Software support can also sometimes be iffy. Stuff that should be simple like Adobe Air seemingly requires a trip through the terminal to convince to work. Another rather significant downside is that a lot of applications you’re used to using don’t have versions for Linux. You can use WINE to get Windows applications working, mostly, but it’s not an ideal state of affairs. And you can forget about playing games; support is even more dire than Mac gaming. That is unless you once again want to press WINE into service; frankly though it feels slightly iffy running Spotify, let alone TF2.
So my point here is three-fold:
- Hardware support is patchy.
- Proprietary software can be hard to get working / unavailable.
- If something goes wrong, it requires a lot of scary stuff (command-line, etc.) to fix.
See, I’m sure that if I had a working machine and a few months I’d start to learn the Linux-fu necessary to deal with this, but it’s just a pain if something as essential as Wi-Fi doesn’t just work, or if you can’t play your favourite games.
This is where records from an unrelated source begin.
lemma superdiff_empty_at_front:
  assumes t: "t < T" and \<rho>: "\<rho> = c0 - width t"
  shows "frechet_superdiff (\<lambda>(s, r). m s r) (t, \<rho>) = {}"
proof -
  define A where "A = width t"
  define k where "k = c * A powr \<nu> / (T - t) powr \<nu>"
  have A: "A > 0"
    using width_pos[OF t] by (simp add: A_def)
  have k: "k > 0"
    using A t exponents(5) by (simp add: k_def)
  have split_power: "x powr \<beta> = x powr \<nu> * x" if "x > 0" for x
    using that exponents(6) powr_add[of x \<nu> 1] by (simp add: diff_eq_eq)
  have kA: "k * A = M powr \<beta>"
    using deficit_width[OF t] split_power[OF A] by (simp add: deficit_def k_def A_def mult_ac)
  have m_front: "m t \<rho> = 0"
    using \<rho> A deficit_width[OF t] by (simp add: mlow_eq A_def)
  have growth: "(k * s) powr \<gamma> \<le> m t (\<rho> + s) - m t \<rho>" if s: "0 < s" "s < A" for s
  proof -
    have m_s: "m t (\<rho> + s) = (M powr \<beta> - deficit t (A - s)) powr \<gamma>"
      using \<rho> s by (simp add: mlow_eq A_def)
    have "(A - s) powr \<beta> = (A - s) powr \<nu> * (A - s)"
      using s by (intro split_power) simp
    also have "\<dots> \<le> A powr \<nu> * (A - s)"
      using s exponents(1) by (intro mult_right_mono powr_mono2) auto
    finally have "deficit t (A - s) \<le> c * (A powr \<nu> * (A - s)) / (T - t) powr \<nu>"
      unfolding deficit_def using t exponents(5) by (intro divide_right_mono mult_left_mono) auto
    also have "\<dots> = k * A - k * s"
      using t by (simp add: k_def field_simps)
    finally have "k * s \<le> M powr \<beta> - deficit t (A - s)"
      using kA by simp
    then show ?thesis
      using m_s m_front k s exponents(3) by (simp add: powr_mono2)
  qed
  show ?thesis
  proof (rule frechet_superdiff_empty_if_root_growth[of "(0, 1)" \<gamma> "k powr \<gamma>"])
    have "\<forall>\<^sub>F s in at_right 0. 0 < s \<and> s < A"
      using A by (auto simp: eventually_at_right_field)
    then show "\<forall>\<^sub>F s in at_right 0. k powr \<gamma> * s powr \<gamma> \<le>
        (\<lambda>(s, r). m s r) ((t, \<rho>) + s *\<^sub>R (0, 1)) - (\<lambda>(s, r). m s r) (t, \<rho>)"
      by eventually_elim (use growth k in \<open>simp add: powr_mult\<close>)
  qed (use k exponents(4) in \<open>auto simp: zero_prod_def\<close>)
qed

text \<open>The two summands are \<open>m_t\<close> and \<open>(m_\<rho>)^\<alpha> m\<close> for \<open>m = u^\<gamma>\<close>,
  \<open>u = M^\<beta> - c w^\<beta> / \<tau>^\<nu>\<close>, \<open>w = c0 - \<rho>\<close>, \<open>\<tau> = T - t\<close>, in the form the chain rule produces them.\<close>
lemma mass_equation_identity:
  assumes u: "u > 0" and w: "w > 0" and \<tau>: "\<tau> > 0"
  shows "\<gamma> * u powr (\<gamma> - 1) * (- (c * w powr \<beta> * (\<nu> * \<tau> powr (\<nu> - 1)) / (\<tau> powr \<nu>)\<^sup>2))
       + (\<gamma> * u powr (\<gamma> - 1) * (c * (\<beta> * w powr (\<beta> - 1)) / \<tau> powr \<nu>)) powr \<alpha> * u powr \<gamma> = 0"
proof -
  define a where "a = ln \<alpha>"
  define E where "E = (\<gamma> - 1) * ln u - a - \<nu> * a + (\<nu> + 1) * ln w - (\<nu> + 1) * ln \<tau>"
  have \<gamma>\<beta>: "\<gamma> * \<beta> = 1" and \<beta>: "\<beta> = \<nu> + 1"
    using exponents(6,7) by simp_all
  have \<gamma>\<nu>: "\<gamma> * \<nu> = exp (- a)"
    using \<alpha>_gt_1 by (simp add: \<gamma>_def \<nu>_def a_def exp_minus inverse_eq_divide)
  have c: "c = exp (- \<nu> * a)"
    using \<alpha>_gt_1 by (simp add: c_def \<nu>_def a_def powr_def)
  have \<alpha>\<nu>: "\<alpha> * \<nu> = \<nu> + 1" and \<alpha>\<gamma>: "\<alpha> * (\<gamma> - 1) = - 1"
    using \<alpha>_gt_1 by (simp_all add: \<nu>_def \<gamma>_def field_simps)
  have slope: "\<gamma> * u powr (\<gamma> - 1) * (c * (\<beta> * w powr (\<beta> - 1)) / \<tau> powr \<nu>)
      = exp ((\<gamma> - 1) * ln u - \<nu> * a + \<nu> * ln w - \<nu> * ln \<tau>)"
  proof -
    have "\<gamma> * u powr (\<gamma> - 1) * (c * (\<beta> * w powr (\<beta> - 1)) / \<tau> powr \<nu>)
        = (\<gamma> * \<beta>) * u powr (\<gamma> - 1) * c * w powr (\<beta> - 1) / \<tau> powr \<nu>"
      by simp
    also have "\<dots> = exp ((\<gamma> - 1) * ln u) * exp (- \<nu> * a) * exp (\<nu> * ln w) / exp (\<nu> * ln \<tau>)"
      using u w \<tau> exponents(6) by (simp add: \<gamma>\<beta> c powr_def)
    finally show ?thesis
      by (simp add: exp_add exp_diff exp_minus field_simps)
  qed
  have time_slope: "\<gamma> * u powr (\<gamma> - 1) * (- (c * w powr \<beta> * (\<nu> * \<tau> powr (\<nu> - 1)) / (\<tau> powr \<nu>)\<^sup>2))
      = - exp E"
  proof -
    have "\<gamma> * u powr (\<gamma> - 1) * (- (c * w powr \<beta> * (\<nu> * \<tau> powr (\<nu> - 1)) / (\<tau> powr \<nu>)\<^sup>2))
        = - ((\<gamma> * \<nu>) * u powr (\<gamma> - 1) * c * w powr \<beta> * \<tau> powr (\<nu> - 1) / (\<tau> powr \<nu>)\<^sup>2)"
      by simp
    also have "\<dots> = - (exp (- a) * exp ((\<gamma> - 1) * ln u) * exp (- \<nu> * a) * exp ((\<nu> + 1) * ln w)
                       * exp ((\<nu> - 1) * ln \<tau>) / (exp (\<nu> * ln \<tau>))\<^sup>2)"
      using u w \<tau> by (simp add: \<gamma>\<nu> c \<beta> powr_def)
    finally show ?thesis
      by (simp add: E_def exp_add[symmetric] exp_diff[symmetric] power2_eq_square algebra_simps)
  qed
  have "exp ((\<gamma> - 1) * ln u - \<nu> * a + \<nu> * ln w - \<nu> * ln \<tau>) powr \<alpha> * u powr \<gamma>
      = exp (\<alpha> * ((\<gamma> - 1) * ln u - \<nu> * a + \<nu> * ln w - \<nu> * ln \<tau>) + \<gamma> * ln u)"
    using u by (simp add: powr_def mult_exp_exp algebra_simps)
  also have "\<alpha> * ((\<gamma> - 1) * ln u - \<nu> * a + \<nu> * ln w - \<nu> * ln \<tau>) + \<gamma> * ln u
      = (\<alpha> * (\<gamma> - 1)) * ln u - (\<alpha> * \<nu>) * a + (\<alpha> * \<nu>) * ln w - (\<alpha> * \<nu>) * ln \<tau> + \<gamma> * ln u"
    by (simp add: algebra_simps)
  also have "\<dots> = E"
    unfolding \<alpha>\<gamma> \<alpha>\<nu> E_def by (simp add: algebra_simps)
  finally show ?thesis
    unfolding slope time_slope by simp
qed
(* Let $l\in\mathbb N-\frac12$ and let $V$ be a simple weight $(\mathbb Ch+\tilde{\mathcal H}^{(l)})$-module on which $z$ acts as a nonzero scalar $\dot z$, such that $\mathrm{supp}(V)\subseteq\lambda+\mathbb Z$ for some $\lambda\in\mathbb C$ with $\dim V_\lambda<\infty$. (i) If $l=\frac12$, then $V$ is a highest weight module, or a lowest weight module, or $V$ is isomorphic to $D(a,\dot z)$ for some $a\in\mathbb C\setminus\mathbb Z$, where $h$ acts on $D(a,\dot z)$ by $hx^i=(\mu-i)x^i$ for some $\mu\in\mathbb C$. (ii) If $l\in\mathbb N+\frac12$ (i.e. $l\ge\frac32$), then $V$ is a highest weight module or a lowest weight module.
   Context: For $l\in\mathbb N-\frac12$, $\tilde{\mathcal H}^{(l)}$ has basis $p_0,\dots,p_{2l},z$ with $z$ central and $[p_k,p_{k'}]=\delta_{k+k',2l}(-1)^{k+l+\frac12}k!(2l-k)!\,z$; the Lie algebra $\mathbb Ch+\tilde{\mathcal H}^{(l)}$ has additionally $[h,p_k]=2(l-k)p_k$, $[h,z]=0$. A weight module is one on which $h$ acts diagonalizably; $V_\lambda=\{v:hv=\lambda v\}$, $\mathrm{supp}(V)=\{\lambda:V_\lambda\ne0\}$. A highest (resp. lowest) weight module is one generated by a weight vector annihilated by all $p_k$ with $k<l$ (resp. $k>l$). For $\dot z\ne0$ and $a\in\mathbb C$, $D(a,\dot z)$ is the $\tilde{\mathcal H}^{(1/2)}$-module $\mathbb C[x,x^{-1}]$ with $p_1x^i=x^{i+1}$, $p_0x^i=-\dot z(a+i)x^{i-1}$, $zx^i=\dot zx^i$ ($i\in\mathbb Z$). *)

theory Defs
  imports Complex_Main
begin

(* Throughout, l = m + 1/2 with m :: nat, so 2l = 2m+1 and the basis of the
   Heisenberg part is p_0,...,p_{2m+1}, z.  A module V is a complex vector
   space ('v with scalar multiplication scale, satisfying vector_space scale)
   together with operators H (action of h), P k (action of p_k) and Z (action
   of z). *)

definition heis_coeff :: "nat \<Rightarrow> nat \<Rightarrow> complex" where
  "heis_coeff m k = (-1) ^ (k + m + 1) * of_nat (fact k * fact (2*m + 1 - k))"
  (* (-1)^(k+l+1/2) k! (2l-k)!  with l = m + 1/2 *)

definition is_hmod ::
  "(complex \<Rightarrow> 'v::ab_group_add \<Rightarrow> 'v) \<Rightarrow> nat \<Rightarrow> ('v \<Rightarrow> 'v) \<Rightarrow> (nat \<Rightarrow> 'v \<Rightarrow> 'v) \<Rightarrow> ('v \<Rightarrow> 'v) \<Rightarrow> bool" where
  "is_hmod scale m H P Z \<longleftrightarrow>
     vector_space scale \<and>
     Vector_Spaces.linear scale scale H \<and> Vector_Spaces.linear scale scale Z \<and>
     (\<forall>k \<le> 2*m+1. Vector_Spaces.linear scale scale (P k)) \<and>
     (\<forall>k \<le> 2*m+1. \<forall>v. H (P k v) - P k (H v) = scale (2 * of_nat m + 1 - 2 * of_nat k) (P k v)) \<and>
     (\<forall>v. H (Z v) - Z (H v) = 0) \<and>
     (\<forall>k \<le> 2*m+1. \<forall>v. P k (Z v) - Z (P k v) = 0) \<and>
     (\<forall>k \<le> 2*m+1. \<forall>k' \<le> 2*m+1. \<forall>v.
        P k (P k' v) - P k' (P k v) = scale (if k + k' = 2*m+1 then heis_coeff m k else 0) (Z v))"
theorem proposition3p9:
  fixes A :: "'a set" and N :: nat and p :: "'a sym list \<Rightarrow> 'a sym \<Rightarrow> real" and t :: real
  assumes "finite A"
    and "N \<ge> 1"
    and "\<And>x s. x \<in> unfinished_texts A N \<Longrightarrow> length x \<le> N - 1 \<Longrightarrow>
                 s \<in> Sym ` A \<union> {Dag} \<Longrightarrow> p x s \<ge> 0"
    and "\<And>x. x \<in> unfinished_texts A N \<Longrightarrow> length x \<le> N - 1 \<Longrightarrow>
               (\<Sum>s\<in>Sym ` A \<union> {Dag}. p x s) = 1"
    and "t > 0"
  shows "magnitude (texts A N) (zeta_t p t) =
           (t - 1) * (\<Sum>x\<in>texts A N - Tbot A N. tsallis t (Sym ` A \<union> {Dag}) (p x))
           + real (card (Tbot A N))"
proof -
  let ?B = "Sym ` A \<union> {Dag}"
  have nonneg: "\<And>s. s \<in> ?B \<Longrightarrow> 0 \<le> p x s" and sum_one: "sum (p x) ?B = 1"
    if "x \<in> inner_texts A N" for x
    using that assms(3,4) by (auto simp: inner_texts_def)
  interpret prefix_zeta "texts A N" "zeta_t p t"
    using assms(1) nonneg by (rule prefix_zeta_texts)
  have inner: "texts A N - Tbot A N = inner_texts A N"
    using assms(2) by (rule texts_diff_Tbot)
  have leaf: "x \<in> texts A N" "x \<notin> inner_texts A N" if "x \<in> Tbot A N" for x
    using that inner Tbot_subset_texts by blast+
  let ?node = "\<lambda>x. 1 - (\<Sum>y\<in>children (texts A N) x. zeta_t p t x y)"
  have "magnitude (texts A N) (zeta_t p t) = (\<Sum>x\<in>texts A N - Tbot A N. ?node x) + (\<Sum>x\<in>Tbot A N. ?node x)"
    using magnitude_eq sum.subset_diff[OF Tbot_subset_texts finite_texts[OF assms(1)]] by simp
  also have "(\<Sum>x\<in>texts A N - Tbot A N. ?node x) = (\<Sum>x\<in>texts A N - Tbot A N. (t - 1) * tsallis t ?B (p x))"
    using one_minus_sum_children_texts[OF _ nonneg sum_one] inner by (intro sum.cong) auto
  also have "(\<Sum>x\<in>Tbot A N. ?node x) = card (Tbot A N)"
    by (simp add: leaf children_texts_eq_empty)
  finally show ?thesis by (simp add: sum_distrib_left)
qed

end
lemma lin_comb_diff_coeffs: "lin_comb n f (\<lambda>i. c i - d i) I = lin_comb n f c I - lin_comb n f d I"
  by (intro eq_vecI) (auto simp: sum_subtractf algebra_simps)

lemma lin_comb_smult_coeffs: "lin_comb n f (\<lambda>i. a * c i) I = a \<cdot>\<^sub>v lin_comb n f c I"
  by (intro eq_vecI) (auto simp: sum_distrib_left algebra_simps)

lemma lin_comb_insert:
  "finite I \<Longrightarrow> k \<notin> I \<Longrightarrow> f k \<in> carrier_vec n \<Longrightarrow>
   lin_comb n f c (insert k I) = c k \<cdot>\<^sub>v f k + lin_comb n f c I"
  by (intro eq_vecI) auto

lemma lin_comb_union:
  "finite I \<Longrightarrow> finite J \<Longrightarrow> I \<inter> J = {} \<Longrightarrow>
   lin_comb n f c (I \<union> J) = lin_comb n f c I + lin_comb n f c J"
  by (intro eq_vecI) (auto simp: sum.union_disjoint)

lemma lin_comb_mono_neutral:
  "finite J \<Longrightarrow> I \<subseteq> J \<Longrightarrow> (\<And>i. i \<in> J - I \<Longrightarrow> c i = 0) \<Longrightarrow> lin_comb n f c J = lin_comb n f c I"
  by (intro eq_vecI) (auto intro!: sum.mono_neutral_right)

lemma lin_comb_single:
  assumes "finite I" and "k \<in> I" and "f k \<in> carrier_vec n"
  shows "lin_comb n f (\<lambda>i. if i = k then a else 0) I = a \<cdot>\<^sub>v f k"
proof (intro eq_vecI)
  fix r assume "r < dim_vec (a \<cdot>\<^sub>v f k)"
  then have r: "r < n" using assms(3) by simp
  have "(\<Sum>i\<in>I. (if i = k then a else 0) * f i $ r) = (\<Sum>i\<in>I. if i = k then a * f k $ r else 0)"
    by (rule sum.cong) auto
  then show "lin_comb n f (\<lambda>i. if i = k then a else 0) I $ r = (a \<cdot>\<^sub>v f k) $ r"
    using r assms by simp
qed (use assms(3) in auto)

lemma lin_comb_mult:
  assumes A: "A \<in> carrier_mat m n" and f: "f ` I \<subseteq> carrier_vec n"
  shows "A *\<^sub>v lin_comb n f c I = lin_comb m (\<lambda>i. A *\<^sub>v f i) c I"
proof (intro eq_vecI)
  fix r assume "r < dim_vec (lin_comb m (\<lambda>i. A *\<^sub>v f i) c I)"
  then have r: "r < m" by simp
  have fd: "\<And>i. i \<in> I \<Longrightarrow> dim_vec (f i) = n" using f by auto
  have "(A *\<^sub>v lin_comb n f c I) $ r = (\<Sum>k<n. A $$ (r,k) * (\<Sum>i\<in>I. c i * f i $ k))"
    using A r by (simp add: scalar_prod_def lessThan_atLeast0)
  also have "\<dots> = (\<Sum>k<n. \<Sum>i\<in>I. A $$ (r,k) * (c i * f i $ k))"
    by (simp add: sum_distrib_left)
  also have "\<dots> = (\<Sum>i\<in>I. \<Sum>k<n. A $$ (r,k) * (c i * f i $ k))"
    by (rule sum.swap)
  also have "\<dots> = lin_comb m (\<lambda>i. A *\<^sub>v f i) c I $ r"
    using A r fd by (auto intro!: sum.cong simp: scalar_prod_def sum_distrib_left
        lessThan_atLeast0 algebra_simps)
  finally show "(A *\<^sub>v lin_comb n f c I) $ r = lin_comb m (\<lambda>i. A *\<^sub>v f i) c I $ r" .
qed (use A in auto)

lemma linear_functional_scalar_prod: "v \<in> carrier_vec n \<Longrightarrow> linear_functional n (\<lambda>x. v \<bullet> x)"
  by (simp add: linear_functional_def scalar_prod_add_distrib[of _ n] scalar_prod_smult_distrib[of _ n])

lemma linear_functional_lin_comb:
  assumes g: "linear_functional n g" and "finite I" and "f ` I \<subseteq> carrier_vec n"
  shows "g (lin_comb n f c I) = (\<Sum>i\<in>I. c i * g (f i))"
  using assms(2,3)
proof (induction I rule: finite_induct)
  case empty
  have "g (0 \<cdot>\<^sub>v 0\<^sub>v n) = 0" using g by (simp add: linear_functional_def)
  moreover have "lin_comb n f c {} = 0 \<cdot>\<^sub>v 0\<^sub>v n" by (intro eq_vecI) auto
  ultimately show ?case by simp
next
  case (insert k I)
  then show ?case using g by (simp add: lin_comb_insert linear_functional_def)
qed

lemma lin_spanI: "v = lin_comb n f c I \<Longrightarrow> v \<in> lin_span n f I"
  by (auto simp: lin_span_def)

lemma lin_spanE: "v \<in> lin_span n f I \<Longrightarrow> (\<And>c. v = lin_comb n f c I \<Longrightarrow> P) \<Longrightarrow> P"
  by (auto simp: lin_span_def)

lemma lin_span_gen: "finite I \<Longrightarrow> k \<in> I \<Longrightarrow> f k \<in> carrier_vec n \<Longrightarrow> f k \<in> lin_span n f I"
  using lin_comb_single[of I k f n 1]
    by (intro lin_spanI[where c = "\<lambda>i. if i = k then 1 else 0"]) auto

lemma lin_span_mono: "finite J \<Longrightarrow> I \<subseteq> J \<Longrightarrow> lin_span n f I \<subseteq> lin_span n f J"
proof
  fix v assume J: "finite J" and IJ: "I \<subseteq> J" and "v \<in> lin_span n f I"
  then obtain c where v: "v = lin_comb n f c I" by (auto elim: lin_spanE)
  let ?c = "\<lambda>i. if i \<in> I then c i else 0"
  have "lin_comb n f ?c J = lin_comb n f ?c I" by (rule lin_comb_mono_neutral[OF J IJ]) auto
  also have "\<dots> = v" unfolding v by (rule lin_comb_cong) auto
  finally show "v \<in> lin_span n f J" by (metis lin_spanI)
qed

lemma lin_subspace_carrier: "lin_subspace n W \<Longrightarrow> x \<in> W \<Longrightarrow> x \<in> carrier_vec n"
  by (auto simp: lin_subspace_def)

lemma lin_subspace_diff:
  assumes W: "lin_subspace n W" and "x \<in> W" "y \<in> W" shows "x - y \<in> W"
proof -
  have "x + (- 1) \<cdot>\<^sub>v y \<in> W" using assms by (simp add: lin_subspace_def)
  moreover have "x + (- 1) \<cdot>\<^sub>v y = x - y" using assms
    by (intro eq_vecI) (auto simp: lin_subspace_def)
  ultimately show ?thesis by simp
qed

lemma lin_subspace_lin_comb:
  assumes W: "lin_subspace n W" and "finite I" and "f ` I \<subseteq> W"
  shows "lin_comb n f c I \<in> W"
  using assms(2,3)
proof (induction I rule: finite_induct)
  case empty
  have "lin_comb n f c {} = 0\<^sub>v n" by (intro eq_vecI) auto
  then show ?case using W by (simp add: lin_subspace_def)
next
  case (insert k I)
  then have "f k \<in> carrier_vec n" using W by (auto simp: lin_subspace_def)
  then show ?case using insert W by (simp add: lin_comb_insert lin_subspace_def)
qed

lemma lin_subspace_lin_span: "lin_subspace n (lin_span n f I)"
  unfolding lin_subspace_def
proof (intro conjI ballI allI subsetI)
  show "0\<^sub>v n \<in> lin_span n f I" by (intro lin_spanI[of _ _ _ "\<lambda>_. 0"] eq_vecI) auto
  show "x + y \<in> lin_span n f I" if "x \<in> lin_span n f I" "y \<in> lin_span n f I" for x y
    using that by (auto simp: lin_span_def lin_comb_add_coeffs[symmetric])
  show "a \<cdot>\<^sub>v x \<in> lin_span n f I" if "x \<in> lin_span n f I" for a x
    using that by (auto simp: lin_span_def lin_comb_smult_coeffs[symmetric])
qed (auto simp: lin_span_def)

lemma lin_span_subset:
  "lin_subspace n W \<Longrightarrow> finite I \<Longrightarrow> f ` I \<subseteq> W \<Longrightarrow> lin_span n f I \<subseteq> W"
  by (auto simp: lin_span_def intro: lin_subspace_lin_comb)

lemma lin_indep_finite: "lin_indep n f I \<Longrightarrow> finite I"
  and lin_indep_carrier: "lin_indep n f I \<Longrightarrow> f ` I \<subseteq> carrier_vec n"
  by (auto simp: lin_indep_def)

lemma lin_indep_coeffs_eq:
  assumes ind: "lin_indep n f I" and eq: "lin_comb n f c I = lin_comb n f d I" and "i \<in> I"
  shows "c i = d i"
proof -
  have "lin_comb n f (\<lambda>i. c i - d i) I = 0\<^sub>v n" using eq by (simp add: lin_comb_diff_coeffs)
  then show ?thesis using ind \<open>i \<in> I\<close> unfolding lin_indep_def by auto
qed

lemma lin_indep_subset:
  assumes ind: "lin_indep n f I" and JI: "J \<subseteq> I" shows "lin_indep n f J"
  unfolding lin_indep_def
proof (intro conjI allI impI ballI)
  have fin: "finite I" using ind by (rule lin_indep_finite)
  then show "finite J" using JI by (rule finite_subset[rotated])
  show "f ` J \<subseteq> carrier_vec n" using ind JI by (auto simp: lin_indep_def)
  fix c i assume c: "lin_comb n f c J = 0\<^sub>v n" and i: "i \<in> J"
  let ?c = "\<lambda>i. if i \<in> J then c i else 0"
  have "lin_comb n f ?c I = lin_comb n f ?c J" by (rule lin_comb_mono_neutral[OF fin JI]) auto
  also have "\<dots> = lin_comb n f c J" by (rule lin_comb_cong) auto
  also have "\<dots> = lin_comb n f (\<lambda>_. 0) I" unfolding c by (intro eq_vecI) auto
  finally have "?c i = 0" using lin_indep_coeffs_eq[OF ind] i JI by blast
  then show "c i = 0" using i by simp
qed

lemma lin_indep_insert:
  assumes ind: "lin_indep n f I" and k: "k \<notin> I" and v: "v \<in> carrier_vec n"
    and nv: "v \<notin> lin_span n f I"
  shows "lin_indep n (f(k := v)) (insert k I)"
  unfolding lin_indep_def
proof (intro conjI allI impI ballI)
  have fin: "finite I" using ind by (rule lin_indep_finite)
  then show "finite (insert k I)" by simp
  show "(f(k := v)) ` insert k I \<subseteq> carrier_vec n" using ind v k by (auto simp: lin_indep_def)
  fix c i assume c: "lin_comb n (f(k := v)) c (insert k I) = 0\<^sub>v n" and i: "i \<in> insert k I"
  have "lin_comb n (f(k := v)) c I = lin_comb n f c I" by (rule lin_comb_cong) (use k in auto)
  then have eq: "c k \<cdot>\<^sub>v v + lin_comb n f c I = 0\<^sub>v n"
    using c lin_comb_insert[OF fin k, of "f(k := v)"] v by simp
  have ck: "c k = 0"
  proof (rule ccontr)
    assume ck: "c k \<noteq> 0"
    have "v = lin_comb n f (\<lambda>i. - c i / c k) I"
    proof (intro eq_vecI)
      fix r assume "r < dim_vec (lin_comb n f (\<lambda>i. - c i / c k) I)"
      then have r: "r < n" by simp
      have "c k * v $ r + (\<Sum>i\<in>I. c i * f i $ r) = 0"
        using arg_cong[OF eq, of "\<lambda>x. x $ r"] r v by simp
      then have "v $ r = - (\<Sum>i\<in>I. c i * f i $ r) / c k" using ck by (simp add: field_simps)
      also have "\<dots> = (\<Sum>i\<in>I. - c i / c k * f i $ r)"
        by (simp add: sum_divide_distrib sum_negf[symmetric])
      finally show "v $ r = lin_comb n f (\<lambda>i. - c i / c k) I $ r" using r by simp
    qed (use v in auto)
    then show False using nv by (auto intro: lin_spanI)
  qed
  then have "lin_comb n f c I = c k \<cdot>\<^sub>v v + lin_comb n f c I" using v by (intro eq_vecI) auto
  then have "lin_comb n f c I = 0\<^sub>v n" using eq by simp
  then show "c i = 0" using ind i ck by (auto simp: lin_indep_def)
qed

text \<open>Padding the coefficient matrix of the family with zero rows gives a singular square matrix,
  whose kernel yields a non-trivial relation.\<close>
lemma lin_indep_card: assumes ind: "lin_indep n f I" shows "card I \<le> n"
proof (rule ccontr)
  assume "\<not> card I \<le> n"
  then have nk: "n < card I" by simp
  define k where "k = card I"
  obtain h where h: "bij_betw h {0..<k} I"
    using ex_bij_betw_nat_finite[OF lin_indep_finite[OF ind]] unfolding k_def by auto
  define M where "M = mat k k (\<lambda>(i,j). if i < n then f (h j) $ i else (0::real))"
  have M: "M \<in> carrier_mat k k" unfolding M_def by auto
  have "M = mat\<^sub>r k k (\<lambda>i. if i = n then 0\<^sub>v k else vec k (\<lambda>j. if i < n then f (h j) $ i else 0))"
    unfolding M_def by (intro eq_matI) auto
  also have "det \<dots> = 0" by (rule det_row_0) (use nk in \<open>auto simp: k_def\<close>)
  finally obtain v where v: "v \<in> carrier_vec k" "v \<noteq> 0\<^sub>v k" "M *\<^sub>v v = 0\<^sub>v k"
    using det_0_iff_vec_prod_zero[OF M] by blast
  define c where "c i = v $ (inv_into {0..<k} h i)" for i
  have hinv: "\<And>j. j < k \<Longrightarrow> inv_into {0..<k} h (h j) = j"
    using h by (simp add: bij_betw_def inv_into_f_f)
  have "lin_comb n f c I = 0\<^sub>v n"
  proof (intro eq_vecI)
    fix r assume "r < dim_vec (0\<^sub>v n :: real vec)"
    then have r: "r < n" by simp
    have "lin_comb n f c I $ r = (\<Sum>j\<in>{0..<k}. c (h j) * f (h j) $ r)"
      using r by (simp add: sum.reindex_bij_betw[symmetric, OF h])
    also have "\<dots> = (M *\<^sub>v v) $ r"
      using r nk v(1) unfolding M_def k_def[symmetric]
      by (auto simp: c_def hinv scalar_prod_def algebra_simps intro!: sum.cong)
    finally show "lin_comb n f c I $ r = 0\<^sub>v n $ r" using v r nk by (simp add: k_def)
  qed auto
  then have "\<forall>i\<in>I. c i = 0" using ind by (auto simp: lin_indep_def)
  then have "\<forall>j<k. v $ j = 0" using h hinv unfolding c_def bij_betw_def by force
  then show False using v by (auto intro: eq_vecI)
qed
They’ve got a long way to go with hardware support, and it’s going to be an uphill battle every step of the way. There’s a lot of hardware manufacturers who aren’t going to provide Linux drivers, and there’s a dogmatic craziness in the Linux world that THOU SHALT NOT distribute non-free drivers with your distribution, which means that nobody just provides Windows drivers, or makes it easy to get Windows drivers. It’s totally daft, and it’s not helped by nutjobs like Richard Stallman. I guess you can put me into the camp who doesn’t like the GPL. Give me the BSD license any day.
The software difficulties are as equally hard to overcome; you’d have to deal with the horrible Balkanisation of the Linux distros for one thing so that people would have something simple to compile binaries against. Idealism isn’t going to get people to give away the source code to everything.
However, there’s certainly a market for Ubuntu / Linux systems where you can be sure of the hardware configuration and fix all the problems in advance. This means that something like eeebuntu works really rather well, and is supported rather better than Asus managed to support the Eee themselves. It’s a pleasure to use, and makes me see myself using my Eee a lot more in the future.
Similarly, if all the software you could ever want, literally, is encompassed by the repositories of your chosen distro, then it’s also a very comfortable experience where you can be reasonably sure that everything will just work, which is literally the ideal consumer experience.
So, if you lie within some narrow definition of “consumer” then Ubuntu is going to be perfect for you. If you lie just a little to the edges, it’s going to suck. There’s really no middle ground between “idealised consumer” and “pretty hardcore techie”. I guess that’s why they’re going to carry on working with it. If they can expand that consumer window, this could be heading somewhere.